A classic noir novel by the author of Rosemary’s Baby and The Stepford Wives.

A handsome young sociopathic decides to set himself up by romancing and marrying a young woman with a rich father; unfortunately, this plan depends on him not getting her pregnant until after they’re safely married. When he gets her pregnant before she’s even told her father he exists, he has only two choices: abortion or murder. The former proves difficult…

That’s just the first third of this perfect little thriller, which has a great narrative voice and a plot with the intricacy and neatness of an expensive pocket watch. It has a number of plot twists, several of which are genuinely surprising and which I have not seen imitated before. It’s less dated than it is a snapshot in time, and a quite atmospheric one at that. I read it in an evening, which I recommend as it’s short and also the sort of book where every little detail is going to turn out to be relevant.

This has been filmed twice; please don’t spoil me for how the movies changed things, as I either haven’t seen them or don’t remember them, and now I want to see them.

I particularly enjoyed the revelation of who Bud Corliss was and how neatly that was set up, the bit where you know the narrator has to be one of two men but you have no idea which, the schadenfreude and “how’s he going to get out of this?” of his panic after mailing a fake suicide note and then discovering his murder victim has failed to actually die, the sheer chutzpah of him methodically going after all three sisters, and the ending where the incident with the Japanese soldier that was mentioned on the very first page comes full circle, with him stepping into his very first victim’s shoes.

A Kiss Before Dying

kore: (Default)

From: [personal profile] kore


Stephen King has a hilarious rant on people who turn to the last page to see HOW IT ALL CAME OUT (uh, guilty) and how Kiss Before Dying cockblocks them, because the screeching bombshell twist happens like 1/3 of the way in and you have to read it all to get it.

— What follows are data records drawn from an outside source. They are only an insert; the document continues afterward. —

(* Let $d\ge 1$ and let $\beta=(\beta_1,\ldots,\beta_{d+1}) \in \mathbb{R}^{d+1}$ satisfy $\beta_1 \ge \beta_2 \ge \cdots \ge \beta_{d+1} \ge 0$, $\beta_1+\cdots+\beta_{d+1}=1$, and, for every $t \in \{1,\dots,d\}$, the inequality \[ \mathrm{PS}(t):\quad \prod_{i=1}^t (\beta_i - \beta_{d+1}) \le \sum_{j=t+1}^{d+1} (\beta_j - \beta_{d+1}) + (d+1)\beta_{d+1}. \] Then: (a) $\beta_t > 0$ for every $t \in \{1,\dots,d+1\}$; (b) for every $t \in \{1,\dots,d\}$, at least one of the inequalities $\beta_t \ge \beta_{t+1}$ and $\mathrm{PS}(t)$ is strict; (c) if for some $\ell \in \{1,\dots,d\}$ the inequality $\mathrm{PS}(i)$ holds with equality for every $i \in \{1,\dots,\ell\}$, then $\beta_i = \frac{1}{s_i} + \beta_{d+1}$ for every $i \in \{1,\dots,\ell\}$.
   Context: The Sylvester sequence is defined by $s_1 := 2$ and $s_i := 1 + s_1 s_2 \cdots s_{i-1}$ for $i \ge 2$. *)

theory Defs
  imports Complex_Main
begin

(* Sylvester sequence, 1-indexed: s 1 = 2, s i = 1 + s 1 * ... * s (i-1) for i >= 2.
   The value at index 0 is irrelevant (set to 2 by convention). *)
function sylvester :: "nat \<Rightarrow> nat" where
  "sylvester i = (if i \<le> 1 then 2 else 1 + (\<Prod>j\<in>{1..<i}. sylvester j))"
  by auto
termination
  by (relation "measure id") auto

definition PS :: "nat \<Rightarrow> (nat \<Rightarrow> real) \<Rightarrow> nat \<Rightarrow> bool" where
  "PS d \<beta> t \<longleftrightarrow>
     (\<Prod>i=1..t. \<beta> i - \<beta> (d+1)) \<le> (\<Sum>j=t+1..d+1. \<beta> j - \<beta> (d+1)) + real (d+1) * \<beta> (d+1)"

definition PS_eq :: "nat \<Rightarrow> (nat \<Rightarrow> real) \<Rightarrow> nat \<Rightarrow> bool" where
  "PS_eq d \<beta> t \<longleftrightarrow>
     (\<Prod>i=1..t. \<beta> i - \<beta> (d+1)) = (\<Sum>j=t+1..d+1. \<beta> j - \<beta> (d+1)) + real (d+1) * \<beta> (d+1)"

definition PS_strict :: "nat \<Rightarrow> (nat \<Rightarrow> real) \<Rightarrow> nat \<Rightarrow> bool" where
  "PS_strict d \<beta> t \<longleftrightarrow>
     (\<Prod>i=1..t. \<beta> i - \<beta> (d+1)) < (\<Sum>j=t+1..d+1. \<beta> j - \<beta> (d+1)) + real (d+1) * \<beta> (d+1)"

lemma sylvester_1: "sylvester 1 = 2" by simp

end

theory Submission
  imports Defs
begin

text \<open>
  Write \<open>g i = \<beta> i - \<beta> (d+1)\<close> for the gaps, which are non-negative, and \<open>P t\<close>, \<open>S t\<close>
  for the product and the sum of the first \<open>t\<close> gaps. Because the \<open>\<beta> i\<close> sum to 1, PS(t)
  says exactly \<open>P t + S t \<le> 1\<close>, with equality iff PS(t) is tight.

  (a) If \<open>\<beta> (d+1) = 0\<close>, the gaps are the \<open>\<beta> i\<close> themselves; at the last index \<open>m\<close> with
  \<open>\<beta> m > 0\<close> we get \<open>S m = 1\<close> and \<open>P m > 0\<close>, violating PS(m).
  (b) If PS(t) is tight and \<open>g (t+1) = g t\<close>, then PS(t-1) forces \<open>g t\<close> to be so large that
  PS(t+1) fails; for \<open>t = d\<close> the repeated gap is \<open>g (d+1) = 0\<close>, contradicting \<open>P d > 0\<close>.
  (c) Subtracting two consecutive tight inequalities gives \<open>g (t+1) * (P t + 1) = P t\<close>, and with
  \<open>P t = 1 / (s\<^sub>1 \<cdots> s\<^sub>t)\<close> this is the Sylvester recursion \<open>g (t+1) = 1 / s\<^sub>t\<^sub>+\<^sub>1\<close>.
\<close>

declare sylvester.simps [simp del]

lemma real_sylvester_Suc:
  "real (sylvester (Suc n)) = 1 + (\<Prod>j=1..n. real (sylvester j))"
proof (cases n)
  case 0
  then show ?thesis by (simp add: sylvester.simps)
next
  case (Suc m)
  then have "sylvester (Suc n) = 1 + (\<Prod>j\<in>{1..<Suc n}. sylvester j)"
    by (subst sylvester.simps) simp
  then show ?thesis by (simp add: atLeastLessThanSuc_atLeastAtMost)
qed

lemma sylvester_pos: "0 < sylvester i"
  by (subst sylvester.simps) auto

lemma stepwise_antimono_on:
  fixes f :: "nat \<Rightarrow> 'a :: order"
  assumes "\<And>k. m \<le> k \<Longrightarrow> k < n \<Longrightarrow> f (Suc k) \<le> f k"
    and "m \<le> i" "i \<le> j" "j \<le> n"
  shows "f j \<le> f i"
  using assms(3,4)
proof (induction j rule: dec_induct)
  case (step k)
  then show ?case using assms(1)[of k] assms(2) order_trans by fastforce
qed simp

definition prod_sum :: "(nat \<Rightarrow> real) \<Rightarrow> nat \<Rightarrow> real" where
  "prod_sum x t = (\<Prod>i=1..t. x i) + (\<Sum>i=1..t. x i)"

lemma prod_sum_0 [simp]: "prod_sum x 0 = 1"
  by (simp add: prod_sum_def)

lemma prod_sum_Suc:
  "prod_sum x (Suc t) = (\<Prod>i=1..t. x i) * x (Suc t) + (\<Sum>i=1..t. x i) + x (Suc t)"
  by (simp add: prod_sum_def)

lemma prod_sum_eq_one_imp_sylvester:
  fixes x :: "nat \<Rightarrow> real"
  assumes "\<And>t. 1 \<le> t \<Longrightarrow> t \<le> l \<Longrightarrow> prod_sum x t = 1"
    and "1 \<le> i" "i \<le> l"
  shows "x i = 1 / real (sylvester i)"
proof -
  have "n \<le> l \<Longrightarrow> (\<Prod>i=1..n. x i) = 1 / (\<Prod>j=1..n. real (sylvester j))
      \<and> (1 \<le> n \<longrightarrow> x n = 1 / real (sylvester n))" for n
  proof (induction n)
    case (Suc n)
    define q where "q = (\<Prod>j=1..n. real (sylvester j))"
    have "q > 0"
      unfolding q_def using sylvester_pos by (intro prod_pos) simp
    have prod_n: "(\<Prod>i=1..n. x i) = 1 / q"
      using Suc by (simp add: q_def)
    have "prod_sum x n = 1"
      using assms(1)[of n] Suc.prems by (cases n) auto
    moreover have "prod_sum x (Suc n) = 1"
      using assms(1) Suc.prems by simp
    ultimately have "x (Suc n) * ((\<Prod>i=1..n. x i) + 1) = (\<Prod>i=1..n. x i)"
      by (simp add: prod_sum_Suc prod_sum_def algebra_simps)
    then have "x (Suc n) * (1 / q + 1) = 1 / q"
      by (simp only: prod_n)
    with \<open>q > 0\<close> have "x (Suc n) = 1 / (1 + q)"
      by (simp add: field_simps)
    then have "x (Suc n) = 1 / real (sylvester (Suc n))"
      by (simp add: real_sylvester_Suc q_def)
    with prod_n show ?case
      by (simp add: q_def)
  qed simp
  then show ?thesis using assms(2,3) by simp
qed

lemma prod_sum_gt_one_if_repeated:
  fixes x :: "nat \<Rightarrow> real"
  assumes prod_pos: "(\<Prod>i=1..m. x i) > 0"
    and le: "prod_sum x m \<le> 1"
    and eq: "prod_sum x (Suc m) = 1"
    and repeat: "x (Suc (Suc m)) = x (Suc m)"
  shows "prod_sum x (Suc (Suc m)) > 1"
proof -
  define p where "p = (\<Prod>i=1..m. x i)"
  define s where "s = (\<Sum>i=1..m. x i)"
  define y where "y = x (Suc m)"
  have "p > 0" using prod_pos by (simp add: p_def)
  have eq': "p * y + s + y = 1"
    using eq by (simp add: prod_sum_Suc p_def s_def y_def)
  have "p + s \<le> 1"
    using le by (simp add: prod_sum_def p_def s_def)
  with eq' have "p \<le> y * (p + 1)"
    by (simp add: algebra_simps)
  \<comment> \<open>so \<open>y \<ge> p / (p + 1)\<close>, whence \<open>p * y + 1 - p \<ge> 1 / (p + 1) > 0\<close>\<close>
  then have "p * p \<le> p * y * (p + 1)"
    using \<open>p > 0\<close> by (metis mult.assoc mult_left_mono less_imp_le)
  then have "0 < (p * y + 1 - p) * (p + 1)"
    by (simp add: algebra_simps)
  then have "0 < p * y + 1 - p"
    using \<open>p > 0\<close> by (simp add: zero_less_mult_iff)
  moreover have "y > 0"
  proof -
    have "0 < y * (p + 1)"
      using \<open>p \<le> y * (p + 1)\<close> \<open>p > 0\<close> by linarith
    then show ?thesis
      using \<open>p > 0\<close> by (simp add: zero_less_mult_iff)
  qed
  ultimately have "0 < y * (p * y + 1 - p)"
    by simp
  moreover have "prod_sum x (Suc (Suc m)) = p * y * y + s + y + y"
    using repeat by (simp add: prod_sum_def p_def s_def y_def)
  ultimately show ?thesis
    using eq' by (simp add: algebra_simps)
qed

lemma prod_sum_gt_one_if_last_zero:
  fixes x :: "nat \<Rightarrow> real"
  assumes dec: "\<And>i. 1 \<le> i \<Longrightarrow> i < n \<Longrightarrow> x (Suc i) \<le> x i"
    and last: "x n = 0"
    and sum: "(\<Sum>i=1..n. x i) = 1"
  shows "\<exists>t\<in>{1..<n}. prod_sum x t > 1"
proof -
  have "n \<ge> 1"
    using sum by (cases n) auto
  define m where "m = (LEAST m. x (Suc m) = 0)"
  have "x (Suc m) = 0" and "m < n"
    using LeastI[of "\<lambda>m. x (Suc m) = 0" "n - 1"] Least_le[of "\<lambda>m. x (Suc m) = 0" "n - 1"]
      last \<open>n \<ge> 1\<close> by (simp_all add: m_def)
  have nonneg: "x i \<ge> 0" if "1 \<le> i" "i \<le> n" for i
    using stepwise_antimono_on[of 1 n x i n, OF dec that] last by simp
  have pos: "x i > 0" if "1 \<le> i" "i \<le> m" for i
  proof -
    have "x (Suc (i - 1)) \<noteq> 0"
      using not_less_Least[of "i - 1" "\<lambda>m. x (Suc m) = 0"] that
      unfolding m_def[symmetric] by linarith
    then show ?thesis
      using nonneg[of i] that \<open>m < n\<close> by simp
  qed
  have zero: "x i = 0" if "Suc m \<le> i" "i \<le> n" for i
    using stepwise_antimono_on[of 1 n x "Suc m" i, OF dec _ that] nonneg[of i] \<open>x (Suc m) = 0\<close> that by force
  have "(\<Sum>i=1..n. x i) = (\<Sum>i=1..m. x i) + (\<Sum>i=Suc m..m + (n - m). x i)"
    using sum.ub_add_nat[of 1 m x "n - m"] \<open>m < n\<close> by simp
  also have "(\<Sum>i=Suc m..m + (n - m). x i) = 0"
    using zero \<open>m < n\<close> by simp
  finally have "(\<Sum>i=1..m. x i) = 1"
    using sum by simp
  moreover have "(\<Prod>i=1..m. x i) > 0"
    using pos by (intro prod_pos) simp
  ultimately have "prod_sum x m > 1"
    by (simp add: prod_sum_def)
  moreover have "m \<ge> 1"
    using \<open>(\<Sum>i=1..m. x i) = 1\<close> by (cases m) auto
  ultimately show ?thesis
    using \<open>m < n\<close> by auto
qed

lemma PS_rhs_eq:
  fixes \<beta> :: "nat \<Rightarrow> real"
  assumes "t \<le> d + 1"
  shows "(\<Sum>j=t+1..d+1. \<beta> j - \<beta> (d+1)) + real (d+1) * \<beta> (d+1)
    = (\<Sum>i=1..d+1. \<beta> i) - (\<Sum>i=1..t. \<beta> i - \<beta> (d+1))"
proof -
  have "(\<Sum>i=1..d+1. \<beta> i - \<beta> (d+1))
      = (\<Sum>i=1..t. \<beta> i - \<beta> (d+1)) + (\<Sum>j=t+1..d+1. \<beta> j - \<beta> (d+1))"
    using sum.ub_add_nat[of 1 t "\<lambda>i. \<beta> i - \<beta> (d+1)" "d + 1 - t"] assms by simp
  moreover have "(\<Sum>i=1..d+1. \<beta> i - \<beta> (d+1)) = (\<Sum>i=1..d+1. \<beta> i) - real (d+1) * \<beta> (d+1)"
    by (simp add: sum_subtractf)
  ultimately show ?thesis
    by linarith
qed

context
  fixes d :: nat and \<beta> :: "nat \<Rightarrow> real"
  assumes sum1: "(\<Sum>i=1..d+1. \<beta> i) = 1"
begin

lemma PS_iff_prod_sum: "t \<le> d + 1 \<Longrightarrow> PS d \<beta> t \<longleftrightarrow> prod_sum (\<lambda>i. \<beta> i - \<beta> (d+1)) t \<le> 1"
  using PS_rhs_eq[of t d \<beta>] sum1 unfolding PS_def prod_sum_def by linarith

lemma PS_eq_iff_prod_sum: "t \<le> d + 1 \<Longrightarrow> PS_eq d \<beta> t \<longleftrightarrow> prod_sum (\<lambda>i. \<beta> i - \<beta> (d+1)) t = 1"
  using PS_rhs_eq[of t d \<beta>] sum1 unfolding PS_eq_def prod_sum_def by linarith

lemma PS_strict_iff_prod_sum:
  "t \<le> d + 1 \<Longrightarrow> PS_strict d \<beta> t \<longleftrightarrow> prod_sum (\<lambda>i. \<beta> i - \<beta> (d+1)) t < 1"
  using PS_rhs_eq[of t d \<beta>] sum1 unfolding PS_strict_def prod_sum_def by linarith

context
  assumes mono: "\<And>i. 1 \<le> i \<Longrightarrow> i \<le> d \<Longrightarrow> \<beta> i \<ge> \<beta> (i+1)"
    and nonneg: "\<beta> (d+1) \<ge> 0"
    and ps: "\<And>t. 1 \<le> t \<Longrightarrow> t \<le> d \<Longrightarrow> PS d \<beta> t"
begin

lemma PS_antimono: "1 \<le> i \<Longrightarrow> i \<le> j \<Longrightarrow> j \<le> d + 1 \<Longrightarrow> \<beta> j \<le> \<beta> i"
  using stepwise_antimono_on[of 1 "d+1" \<beta> i j] mono by simp

lemma PS_prod_sum_le_one: "t \<le> d \<Longrightarrow> prod_sum (\<lambda>i. \<beta> i - \<beta> (d+1)) t \<le> 1"
  using ps[of t] PS_iff_prod_sum[of t] by (cases t) auto

lemma PS_last_pos: "\<beta> (d+1) > 0"
proof (rule ccontr)
  assume "\<not> \<beta> (d+1) > 0"
  then have gaps: "(\<lambda>i. \<beta> i - \<beta> (d+1)) = \<beta>"
    using nonneg by auto
  have "\<exists>t\<in>{1..<d+1}. prod_sum \<beta> t > 1"
    using mono sum1 \<open>\<not> \<beta> (d+1) > 0\<close> nonneg
    by (intro prod_sum_gt_one_if_last_zero) auto
  then obtain t where "t \<le> d" "prod_sum \<beta> t > 1"
    by (auto simp: less_Suc_eq_le)
  with PS_prod_sum_le_one[of t] show False
    unfolding gaps by simp
qed

lemma PS_strict_if_repeated:
  assumes "1 \<le> t" "t \<le> d" and repeat: "\<beta> (t+1) = \<beta> t"
  shows "PS_strict d \<beta> t"
proof (rule ccontr)
  define g where "g = (\<lambda>i. \<beta> i - \<beta> (d+1))"
  assume "\<not> PS_strict d \<beta> t"
  then have tight: "prod_sum g t = 1"
    using PS_prod_sum_le_one[of t] PS_strict_iff_prod_sum[of t] assms by (simp add: g_def)
  have "(\<Sum>i=1..t. g i) < 1"
  proof -
    have "(\<Sum>j=t+1..d+1. g j) + real (d+1) * \<beta> (d+1) = 1 - (\<Sum>i=1..t. g i)"
      using PS_rhs_eq[of t d \<beta>] assms(2) unfolding g_def sum1 by simp
    moreover have "(\<Sum>j=t+1..d+1. g j) \<ge> 0"
      using PS_antimono by (intro sum_nonneg) (simp add: g_def)
    moreover have "real (d+1) * \<beta> (d+1) > 0"
      using PS_last_pos by simp
    ultimately show ?thesis
      by linarith
  qed
  with tight have "(\<Prod>i=1..t. g i) > 0"
    by (simp add: prod_sum_def)
  obtain m where t: "t = Suc m"
    using assms by (cases t) auto
  have "(\<Prod>i=1..m. g i) \<ge> 0"
    using PS_antimono assms t by (intro prod_nonneg) (simp add: g_def)
  moreover have "(\<Prod>i=1..t. g i) = (\<Prod>i=1..m. g i) * g t"
    using t by simp
  ultimately have "(\<Prod>i=1..m. g i) > 0" and "g t \<noteq> 0"
    using \<open>(\<Prod>i=1..t. g i) > 0\<close> by (fastforce simp: less_le)+
  show False
  proof (cases "t = d")
    case True
    with repeat \<open>g t \<noteq> 0\<close> show False
      by (simp add: g_def)
  next
    case False
    have "prod_sum g (Suc t) > 1"
      using prod_sum_gt_one_if_repeated[of g m] \<open>(\<Prod>i=1..m. g i) > 0\<close> tight repeat t
        PS_prod_sum_le_one[of m] assms by (simp add: g_def)
    with PS_prod_sum_le_one[of "Suc t"] False assms show False
      by (simp add: g_def)
  qed
qed

end

end

theorem lemma2p1:
  fixes d :: nat and \<beta> :: "nat \<Rightarrow> real"
  assumes "d \<ge> 1"
    and mono: "\<And>i. 1 \<le> i \<Longrightarrow> i \<le> d \<Longrightarrow> \<beta> i \<ge> \<beta> (i+1)"
    and nonneg: "\<beta> (d+1) \<ge> 0"
    and sum1: "(\<Sum>i=1..d+1. \<beta> i) = 1"
    and ps: "\<And>t. 1 \<le> t \<Longrightarrow> t \<le> d \<Longrightarrow> PS d \<beta> t"
  shows "(\<forall>t\<in>{1..d+1}. \<beta> t > 0)
    \<and> (\<forall>t\<in>{1..d}. \<beta> t > \<beta> (t+1) \<or> PS_strict d \<beta> t)
    \<and> (\<forall>l\<in>{1..d}. (\<forall>i\<in>{1..l}. PS_eq d \<beta> i) \<longrightarrow>
          (\<forall>i\<in>{1..l}. \<beta> i = 1 / real (sylvester i) + \<beta> (d+1)))"
proof (intro conjI ballI impI)
  note setting = sum1 mono nonneg ps
  show "\<beta> t > 0" if "t \<in> {1..d+1}" for t
    using PS_antimono[OF setting, of t "d+1"] PS_last_pos[OF setting] that by simp
  show "\<beta> t > \<beta> (t+1) \<or> PS_strict d \<beta> t" if "t \<in> {1..d}" for t
    using mono[of t] PS_strict_if_repeated[OF setting, of t] that by force
  show "\<beta> i = 1 / real (sylvester i) + \<beta> (d+1)"
    if "l \<in> {1..d}" and tight: "\<forall>i\<in>{1..l}. PS_eq d \<beta> i" and "i \<in> {1..l}" for l i
  proof -
    have "prod_sum (\<lambda>i. \<beta> i - \<beta> (d+1)) t = 1" if "1 \<le> t" "t \<le> l" for t
      using tight PS_eq_iff_prod_sum[OF sum1, of t] that \<open>l \<in> {1..d}\<close> by simp
    then have "\<beta> i - \<beta> (d+1) = 1 / real (sylvester i)"
      using prod_sum_eq_one_imp_sylvester[of l "\<lambda>i. \<beta> i - \<beta> (d+1)" i] \<open>i \<in> {1..l}\<close> by simp
    then show ?thesis
      by simp
  qed
qed

end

....man, I dunno if you want to see the 1991 film (Matt Dillon, Sean Young). Without spoiling, it was just sort of blah yet terrible.
kore: (Default)

From: [personal profile] kore


It's one of those modern neo-noir movies that tries to be tense and just winds up limp and improbable, like the terrible one with Richard Gere and Kim Basinger and Uma Thurman. You would not think those people could make a bad movie! And yet. Malice nearly had the same problem, altho Nicole Kidman was able to rise above the terrible OTT script somehow.
sovay: (PJ Harvey: crow)

From: [personal profile] sovay


because the screeching bombshell twist happens like 1/3 of the way in and you have to read it all to get it.

There's something like that in Dorothy B. Hughes' The Expendable Man (1963) and it's one of the reasons I love the novel as deeply as I do; it's not exactly a twist, it's a reframing, and some audiences will catch it sooner than others, but it's central to the novel's entire project and I am pretty sure it renders the story unfilmable. Nothing that happens in the book makes any sense without it.
Edited Date: 2018-11-30 09:54 pm (UTC)
kore: (Default)

From: [personal profile] kore


I should read that! I'm pretty sure I have it....

Yeah, reframings are difficult to do in films, unless it's done with flashbacks showing "what really happened" and then the tension tends to drop and the audience can also feel suckered. I'm trying to think of good ones....Sixth Sense maybe? Jacob's Ladder? But those are more surprise twist endings, maybe, like "but he had REALLY been the murderer all along," which I don't think is quite the same thing. Hmm. Gone Girl did it in the middle, and Amy's and Nick's diaries were always undermining each other.
sovay: (PJ Harvey: crow)

From: [personal profile] sovay


I'm trying to think of good ones....Sixth Sense maybe?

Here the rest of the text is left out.